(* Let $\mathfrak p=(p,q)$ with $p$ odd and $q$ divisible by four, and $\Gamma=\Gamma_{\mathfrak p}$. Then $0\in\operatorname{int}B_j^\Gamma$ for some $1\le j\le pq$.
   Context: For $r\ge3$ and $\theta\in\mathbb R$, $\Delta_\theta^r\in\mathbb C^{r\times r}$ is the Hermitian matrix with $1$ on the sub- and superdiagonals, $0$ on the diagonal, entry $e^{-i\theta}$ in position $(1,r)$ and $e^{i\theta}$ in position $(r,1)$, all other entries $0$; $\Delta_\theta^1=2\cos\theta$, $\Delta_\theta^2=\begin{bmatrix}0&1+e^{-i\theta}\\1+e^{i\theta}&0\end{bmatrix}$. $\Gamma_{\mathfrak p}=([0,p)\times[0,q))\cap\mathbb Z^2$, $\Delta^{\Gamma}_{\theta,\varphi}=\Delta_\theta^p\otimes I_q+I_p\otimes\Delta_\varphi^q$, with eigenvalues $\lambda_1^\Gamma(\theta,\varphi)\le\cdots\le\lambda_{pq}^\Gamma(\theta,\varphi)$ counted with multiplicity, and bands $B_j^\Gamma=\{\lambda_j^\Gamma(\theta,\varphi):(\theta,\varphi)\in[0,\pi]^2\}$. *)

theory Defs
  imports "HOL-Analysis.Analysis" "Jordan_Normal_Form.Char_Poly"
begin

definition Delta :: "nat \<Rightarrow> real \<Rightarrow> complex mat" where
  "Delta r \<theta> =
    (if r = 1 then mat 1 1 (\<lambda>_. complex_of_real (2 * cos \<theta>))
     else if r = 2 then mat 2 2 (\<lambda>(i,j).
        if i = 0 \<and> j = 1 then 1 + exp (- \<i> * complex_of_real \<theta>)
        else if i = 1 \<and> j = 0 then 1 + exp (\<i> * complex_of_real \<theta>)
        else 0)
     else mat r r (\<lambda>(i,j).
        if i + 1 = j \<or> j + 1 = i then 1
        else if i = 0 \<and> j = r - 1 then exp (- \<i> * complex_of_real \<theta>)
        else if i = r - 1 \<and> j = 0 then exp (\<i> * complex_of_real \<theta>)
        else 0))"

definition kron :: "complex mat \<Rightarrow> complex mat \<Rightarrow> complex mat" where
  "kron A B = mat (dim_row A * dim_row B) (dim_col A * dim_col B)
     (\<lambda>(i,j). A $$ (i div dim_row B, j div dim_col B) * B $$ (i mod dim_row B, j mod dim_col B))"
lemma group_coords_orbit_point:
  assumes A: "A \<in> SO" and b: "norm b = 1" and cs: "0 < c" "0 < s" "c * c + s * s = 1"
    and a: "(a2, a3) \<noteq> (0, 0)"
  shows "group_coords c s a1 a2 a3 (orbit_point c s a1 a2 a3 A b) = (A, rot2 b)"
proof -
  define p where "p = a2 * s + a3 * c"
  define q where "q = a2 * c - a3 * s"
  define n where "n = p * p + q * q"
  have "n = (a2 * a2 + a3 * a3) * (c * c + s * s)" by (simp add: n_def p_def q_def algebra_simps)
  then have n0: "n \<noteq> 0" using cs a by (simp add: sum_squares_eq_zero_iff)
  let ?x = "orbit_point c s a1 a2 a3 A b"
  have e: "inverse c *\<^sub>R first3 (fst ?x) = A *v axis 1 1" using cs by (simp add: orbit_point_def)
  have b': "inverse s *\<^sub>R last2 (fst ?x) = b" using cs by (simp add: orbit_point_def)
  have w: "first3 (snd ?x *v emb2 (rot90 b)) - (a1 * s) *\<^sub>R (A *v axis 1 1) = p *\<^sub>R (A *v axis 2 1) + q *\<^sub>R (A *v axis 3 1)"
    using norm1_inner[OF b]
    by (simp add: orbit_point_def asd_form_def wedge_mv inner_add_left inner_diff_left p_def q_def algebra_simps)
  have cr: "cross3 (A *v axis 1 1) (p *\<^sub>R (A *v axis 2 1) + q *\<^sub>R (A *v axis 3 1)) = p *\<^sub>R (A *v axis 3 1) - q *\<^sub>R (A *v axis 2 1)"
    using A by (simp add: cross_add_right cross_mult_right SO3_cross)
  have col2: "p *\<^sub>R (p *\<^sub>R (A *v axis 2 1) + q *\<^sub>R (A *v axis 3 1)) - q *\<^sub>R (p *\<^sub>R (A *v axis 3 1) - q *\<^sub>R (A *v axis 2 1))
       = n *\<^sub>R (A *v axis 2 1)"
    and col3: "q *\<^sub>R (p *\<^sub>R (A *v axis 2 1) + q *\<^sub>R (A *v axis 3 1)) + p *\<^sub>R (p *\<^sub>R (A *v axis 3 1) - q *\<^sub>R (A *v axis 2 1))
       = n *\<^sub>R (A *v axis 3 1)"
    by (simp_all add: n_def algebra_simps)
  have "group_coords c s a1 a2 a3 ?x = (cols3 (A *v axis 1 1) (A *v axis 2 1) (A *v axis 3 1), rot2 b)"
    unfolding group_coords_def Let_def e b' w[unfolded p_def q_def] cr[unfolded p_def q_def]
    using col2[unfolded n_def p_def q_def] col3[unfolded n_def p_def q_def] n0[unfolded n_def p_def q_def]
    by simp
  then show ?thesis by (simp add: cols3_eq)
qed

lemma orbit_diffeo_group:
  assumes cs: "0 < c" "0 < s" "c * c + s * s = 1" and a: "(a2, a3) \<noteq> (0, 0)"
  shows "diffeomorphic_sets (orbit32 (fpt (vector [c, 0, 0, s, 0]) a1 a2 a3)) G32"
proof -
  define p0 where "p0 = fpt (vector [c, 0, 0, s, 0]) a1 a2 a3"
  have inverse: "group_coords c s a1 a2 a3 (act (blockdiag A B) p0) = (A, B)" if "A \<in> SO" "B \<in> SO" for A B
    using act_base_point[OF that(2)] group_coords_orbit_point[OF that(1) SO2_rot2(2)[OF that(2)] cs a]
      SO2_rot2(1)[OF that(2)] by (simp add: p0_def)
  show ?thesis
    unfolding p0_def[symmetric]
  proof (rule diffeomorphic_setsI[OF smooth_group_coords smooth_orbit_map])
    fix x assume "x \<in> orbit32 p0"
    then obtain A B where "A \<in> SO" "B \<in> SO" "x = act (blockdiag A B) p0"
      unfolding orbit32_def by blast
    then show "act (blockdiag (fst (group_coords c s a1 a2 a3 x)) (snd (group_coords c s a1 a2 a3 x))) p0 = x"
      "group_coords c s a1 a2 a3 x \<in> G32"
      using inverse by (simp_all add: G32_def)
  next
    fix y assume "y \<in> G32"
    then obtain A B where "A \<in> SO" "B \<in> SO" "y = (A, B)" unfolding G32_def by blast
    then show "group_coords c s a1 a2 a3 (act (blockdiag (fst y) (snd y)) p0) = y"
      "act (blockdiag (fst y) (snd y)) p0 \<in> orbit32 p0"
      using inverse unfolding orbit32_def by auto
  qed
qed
***
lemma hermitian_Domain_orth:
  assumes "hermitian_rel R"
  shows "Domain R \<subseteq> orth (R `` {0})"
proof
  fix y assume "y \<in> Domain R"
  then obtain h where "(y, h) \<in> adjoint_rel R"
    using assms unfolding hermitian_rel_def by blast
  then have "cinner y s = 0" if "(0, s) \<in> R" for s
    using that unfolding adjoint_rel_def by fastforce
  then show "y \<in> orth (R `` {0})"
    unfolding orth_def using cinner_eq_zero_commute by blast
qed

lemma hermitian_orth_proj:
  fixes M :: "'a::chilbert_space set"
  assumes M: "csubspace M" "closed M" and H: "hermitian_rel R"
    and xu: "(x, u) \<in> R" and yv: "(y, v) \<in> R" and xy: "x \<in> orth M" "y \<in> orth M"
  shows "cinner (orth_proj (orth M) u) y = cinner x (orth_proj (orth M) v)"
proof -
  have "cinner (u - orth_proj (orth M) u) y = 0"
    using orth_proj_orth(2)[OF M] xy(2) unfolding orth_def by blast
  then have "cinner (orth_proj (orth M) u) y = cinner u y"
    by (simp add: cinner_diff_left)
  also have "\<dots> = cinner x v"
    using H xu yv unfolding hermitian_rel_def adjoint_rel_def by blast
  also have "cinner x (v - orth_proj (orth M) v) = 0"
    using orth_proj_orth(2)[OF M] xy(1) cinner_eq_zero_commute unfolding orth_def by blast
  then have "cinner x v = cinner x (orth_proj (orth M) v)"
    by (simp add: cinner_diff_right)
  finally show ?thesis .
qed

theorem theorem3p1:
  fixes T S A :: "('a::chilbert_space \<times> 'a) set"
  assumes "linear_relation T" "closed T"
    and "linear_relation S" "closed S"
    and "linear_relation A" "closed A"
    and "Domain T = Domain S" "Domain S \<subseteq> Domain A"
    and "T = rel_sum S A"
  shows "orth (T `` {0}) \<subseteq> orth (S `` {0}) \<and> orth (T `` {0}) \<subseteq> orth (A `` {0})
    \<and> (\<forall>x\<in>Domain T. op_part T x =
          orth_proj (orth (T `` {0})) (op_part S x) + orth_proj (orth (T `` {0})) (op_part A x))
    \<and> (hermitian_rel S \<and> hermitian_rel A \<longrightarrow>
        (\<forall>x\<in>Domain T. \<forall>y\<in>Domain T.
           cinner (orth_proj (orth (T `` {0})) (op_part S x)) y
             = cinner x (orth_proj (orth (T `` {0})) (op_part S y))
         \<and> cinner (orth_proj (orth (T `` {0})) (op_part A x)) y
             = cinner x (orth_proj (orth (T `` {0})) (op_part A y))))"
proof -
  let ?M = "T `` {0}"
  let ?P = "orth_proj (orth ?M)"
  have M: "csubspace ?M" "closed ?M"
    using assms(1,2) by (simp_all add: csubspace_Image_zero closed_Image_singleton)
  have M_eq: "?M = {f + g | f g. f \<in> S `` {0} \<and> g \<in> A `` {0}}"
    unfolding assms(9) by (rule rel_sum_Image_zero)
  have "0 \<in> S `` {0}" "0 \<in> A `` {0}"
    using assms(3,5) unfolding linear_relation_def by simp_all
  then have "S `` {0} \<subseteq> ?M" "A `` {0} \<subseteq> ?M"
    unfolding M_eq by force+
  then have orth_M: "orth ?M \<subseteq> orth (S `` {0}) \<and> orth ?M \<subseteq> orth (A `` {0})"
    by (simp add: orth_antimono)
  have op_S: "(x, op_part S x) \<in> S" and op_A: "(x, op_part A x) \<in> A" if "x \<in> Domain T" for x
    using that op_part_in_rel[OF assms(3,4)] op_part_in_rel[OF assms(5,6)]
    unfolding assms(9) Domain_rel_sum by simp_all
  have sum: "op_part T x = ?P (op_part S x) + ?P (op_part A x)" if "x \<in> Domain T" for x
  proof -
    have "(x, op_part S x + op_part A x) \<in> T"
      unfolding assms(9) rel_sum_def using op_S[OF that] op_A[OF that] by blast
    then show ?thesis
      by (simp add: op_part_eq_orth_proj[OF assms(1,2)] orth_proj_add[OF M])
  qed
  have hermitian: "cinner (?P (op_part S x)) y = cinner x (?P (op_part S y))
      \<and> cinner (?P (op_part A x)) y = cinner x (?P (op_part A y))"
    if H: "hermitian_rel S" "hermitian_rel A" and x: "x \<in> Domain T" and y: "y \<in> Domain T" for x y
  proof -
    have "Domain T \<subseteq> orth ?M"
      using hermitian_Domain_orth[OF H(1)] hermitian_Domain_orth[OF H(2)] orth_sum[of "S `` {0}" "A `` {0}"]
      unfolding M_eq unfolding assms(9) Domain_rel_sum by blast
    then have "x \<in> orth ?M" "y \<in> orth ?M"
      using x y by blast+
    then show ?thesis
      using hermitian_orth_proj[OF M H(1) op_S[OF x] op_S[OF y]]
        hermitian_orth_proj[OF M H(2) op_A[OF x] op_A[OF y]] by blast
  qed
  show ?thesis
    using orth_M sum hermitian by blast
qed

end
***
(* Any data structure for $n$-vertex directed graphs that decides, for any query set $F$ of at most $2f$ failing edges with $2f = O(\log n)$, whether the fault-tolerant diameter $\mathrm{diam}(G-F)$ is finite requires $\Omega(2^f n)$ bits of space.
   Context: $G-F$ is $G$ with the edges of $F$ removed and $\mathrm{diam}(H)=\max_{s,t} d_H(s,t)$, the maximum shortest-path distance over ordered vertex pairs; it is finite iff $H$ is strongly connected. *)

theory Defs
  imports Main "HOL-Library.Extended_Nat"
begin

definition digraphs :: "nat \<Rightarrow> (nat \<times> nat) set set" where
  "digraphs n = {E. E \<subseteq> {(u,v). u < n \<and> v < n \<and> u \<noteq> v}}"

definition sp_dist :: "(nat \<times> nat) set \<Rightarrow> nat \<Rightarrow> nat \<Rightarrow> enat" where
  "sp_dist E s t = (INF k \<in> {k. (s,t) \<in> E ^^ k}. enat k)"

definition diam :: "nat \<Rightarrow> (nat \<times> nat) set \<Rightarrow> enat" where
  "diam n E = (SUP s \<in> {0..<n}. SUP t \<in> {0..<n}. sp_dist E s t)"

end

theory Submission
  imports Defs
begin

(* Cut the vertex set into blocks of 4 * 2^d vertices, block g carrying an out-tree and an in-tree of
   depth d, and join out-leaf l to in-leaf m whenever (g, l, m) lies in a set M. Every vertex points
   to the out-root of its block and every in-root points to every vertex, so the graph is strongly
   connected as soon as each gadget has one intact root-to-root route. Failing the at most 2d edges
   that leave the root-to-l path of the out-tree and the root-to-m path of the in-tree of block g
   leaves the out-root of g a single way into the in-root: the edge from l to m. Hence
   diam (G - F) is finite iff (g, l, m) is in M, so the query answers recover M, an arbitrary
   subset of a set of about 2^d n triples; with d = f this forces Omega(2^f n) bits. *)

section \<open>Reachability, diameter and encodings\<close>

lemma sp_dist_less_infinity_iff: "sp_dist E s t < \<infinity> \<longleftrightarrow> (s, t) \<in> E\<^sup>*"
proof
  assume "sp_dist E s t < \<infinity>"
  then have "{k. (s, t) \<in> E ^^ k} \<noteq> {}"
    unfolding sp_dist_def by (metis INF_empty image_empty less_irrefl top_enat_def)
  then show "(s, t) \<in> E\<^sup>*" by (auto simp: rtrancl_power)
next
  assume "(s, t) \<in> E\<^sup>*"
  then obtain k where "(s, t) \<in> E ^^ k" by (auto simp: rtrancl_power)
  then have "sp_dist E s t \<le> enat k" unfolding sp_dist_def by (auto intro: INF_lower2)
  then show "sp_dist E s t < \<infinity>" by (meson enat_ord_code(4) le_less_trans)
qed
***
> [PROBLEM]
The answer is the run of lines above from the line containing "(* Let $\mathfrak" through the line containing "else mat r r (\<lambda>(i,j).", copied exactly and alone.

> [SOLUTION FOR THIS EXERCISE]
(* Let $\mathfrak p=(p,q)$ with $p$ odd and $q$ divisible by four, and $\Gamma=\Gamma_{\mathfrak p}$. Then $0\in\operatorname{int}B_j^\Gamma$ for some $1\le j\le pq$.
   Context: For $r\ge3$ and $\theta\in\mathbb R$, $\Delta_\theta^r\in\mathbb C^{r\times r}$ is the Hermitian matrix with $1$ on the sub- and superdiagonals, $0$ on the diagonal, entry $e^{-i\theta}$ in position $(1,r)$ and $e^{i\theta}$ in position $(r,1)$, all other entries $0$; $\Delta_\theta^1=2\cos\theta$, $\Delta_\theta^2=\begin{bmatrix}0&1+e^{-i\theta}\\1+e^{i\theta}&0\end{bmatrix}$. $\Gamma_{\mathfrak p}=([0,p)\times[0,q))\cap\mathbb Z^2$, $\Delta^{\Gamma}_{\theta,\varphi}=\Delta_\theta^p\otimes I_q+I_p\otimes\Delta_\varphi^q$, with eigenvalues $\lambda_1^\Gamma(\theta,\varphi)\le\cdots\le\lambda_{pq}^\Gamma(\theta,\varphi)$ counted with multiplicity, and bands $B_j^\Gamma=\{\lambda_j^\Gamma(\theta,\varphi):(\theta,\varphi)\in[0,\pi]^2\}$. *)

theory Defs
  imports "HOL-Analysis.Analysis" "Jordan_Normal_Form.Char_Poly"
begin

definition Delta :: "nat \<Rightarrow> real \<Rightarrow> complex mat" where
  "Delta r \<theta> =
    (if r = 1 then mat 1 1 (\<lambda>_. complex_of_real (2 * cos \<theta>))
     else if r = 2 then mat 2 2 (\<lambda>(i,j).
        if i = 0 \<and> j = 1 then 1 + exp (- \<i> * complex_of_real \<theta>)
        else if i = 1 \<and> j = 0 then 1 + exp (\<i> * complex_of_real \<theta>)
        else 0)
     else mat r r (\<lambda>(i,j).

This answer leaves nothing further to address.